Collected data entries:
(* Let $T$ be a finite rooted tree in which every inner node has at least two children, with node set $V$ and leaf set $L$. Let $S\subseteq V\setminus L$, and let $(\pi,\sigma)$ and $(\pi',\sigma')$ be two pairs of injective maps from $S$ to $L$, each identifying $S$ and having unique request. If $\pi(S)=\pi'(S)$ and $\sigma(S)=\sigma'(S)$, then $\pi=\pi'$ and $\sigma=\sigma'$.
   Context: Every node is its own ancestor and descendant. A pair $(\pi,\sigma)$ of injective maps from $S\subseteq V\setminus L$ to $L$ identifies $S$ if for each $s\in S$, $s$ is the least common ancestor of $\pi(s)$ and $\sigma(s)$. For $s\in S$, a node $x$ is $s$-requested in $(\pi,\sigma)$ if $x$ lies on the path of $T$ from $\pi(s)$ to $\sigma(s)$. The pair has unique request if every node of $T$ is $s$-requested for at most one $s\in S$. *)

theory Defs
  imports Main
begin

text \<open>A finite rooted tree is given by a finite node set V, a root r \<in> V and a parent
  function; the parent of a non-root node is in V and every node reaches the root by
  following parents (hence the structure is a tree). Only the values of par on V - {r} matter.\<close>

inductive anc :: "'a set \<Rightarrow> 'a \<Rightarrow> ('a \<Rightarrow> 'a) \<Rightarrow> 'a \<Rightarrow> 'a \<Rightarrow> bool"
  for V r par where
  anc_refl: "y \<in> V \<Longrightarrow> anc V r par y y"
| anc_step: "anc V r par x (par y) \<Longrightarrow> y \<in> V \<Longrightarrow> y \<noteq> r \<Longrightarrow> anc V r par x y"

definition rooted_tree :: "'a set \<Rightarrow> 'a \<Rightarrow> ('a \<Rightarrow> 'a) \<Rightarrow> bool" where
  "rooted_tree V r par \<longleftrightarrow> finite V \<and> r \<in> V \<and>
     (\<forall>v \<in> V - {r}. par v \<in> V) \<and> (\<forall>v \<in> V. anc V r par r v)"

definition children :: "'a set \<Rightarrow> 'a \<Rightarrow> ('a \<Rightarrow> 'a) \<Rightarrow> 'a \<Rightarrow> 'a set" where
  "children V r par x = {v \<in> V - {r}. par v = x}"

definition leaves :: "'a set \<Rightarrow> 'a \<Rightarrow> ('a \<Rightarrow> 'a) \<Rightarrow> 'a set" where
  "leaves V r par = {x \<in> V. children V r par x = {}}"

definition branching :: "'a set \<Rightarrow> 'a \<Rightarrow> ('a \<Rightarrow> 'a) \<Rightarrow> bool" where
  "branching V r par \<longleftrightarrow> (\<forall>x \<in> V - leaves V r par. card (children V r par x) \<ge> 2)"

definition is_lca :: "'a set \<Rightarrow> 'a \<Rightarrow> ('a \<Rightarrow> 'a) \<Rightarrow> 'a \<Rightarrow> 'a \<Rightarrow> 'a \<Rightarrow> bool" where
  "is_lca V r par c a b \<longleftrightarrow> anc V r par c a \<and> anc V r par c b \<and>
     (\<forall>d. anc V r par d a \<and> anc V r par d b \<longrightarrow> anc V r par d c)"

### BRIEF
Could you retype exactly the lines above, starting at the line that contains "text \<open>A finite" and ending at the line that contains "par \<longleftrightarrow> (\<forall>x", and nothing more?

### RESULT BELOW
text \<open>A finite rooted tree is given by a finite node set V, a root r \<in> V and a parent
  function; the parent of a non-root node is in V and every node reaches the root by
  following parents (hence the structure is a tree). Only the values of par on V - {r} matter.\<close>

inductive anc :: "'a set \<Rightarrow> 'a \<Rightarrow> ('a \<Rightarrow> 'a) \<Rightarrow> 'a \<Rightarrow> 'a \<Rightarrow> bool"
  for V r par where
  anc_refl: "y \<in> V \<Longrightarrow> anc V r par y y"
| anc_step: "anc V r par x (par y) \<Longrightarrow> y \<in> V \<Longrightarrow> y \<noteq> r \<Longrightarrow> anc V r par x y"

definition rooted_tree :: "'a set \<Rightarrow> 'a \<Rightarrow> ('a \<Rightarrow> 'a) \<Rightarrow> bool" where
  "rooted_tree V r par \<longleftrightarrow> finite V \<and> r \<in> V \<and>
     (\<forall>v \<in> V - {r}. par v \<in> V) \<and> (\<forall>v \<in> V. anc V r par r v)"

definition children :: "'a set \<Rightarrow> 'a \<Rightarrow> ('a \<Rightarrow> 'a) \<Rightarrow> 'a \<Rightarrow> 'a set" where
  "children V r par x = {v \<in> V - {r}. par v = x}"

definition leaves :: "'a set \<Rightarrow> 'a \<Rightarrow> ('a \<Rightarrow> 'a) \<Rightarrow> 'a set" where
  "leaves V r par = {x \<in> V. children V r par x = {}}"

definition branching :: "'a set \<Rightarrow> 'a \<Rightarrow> ('a \<Rightarrow> 'a) \<Rightarrow> bool" where
  "branching V r par \<longleftrightarrow> (\<forall>x \<in> V - leaves V r par. card (children V r par x) \<ge> 2)"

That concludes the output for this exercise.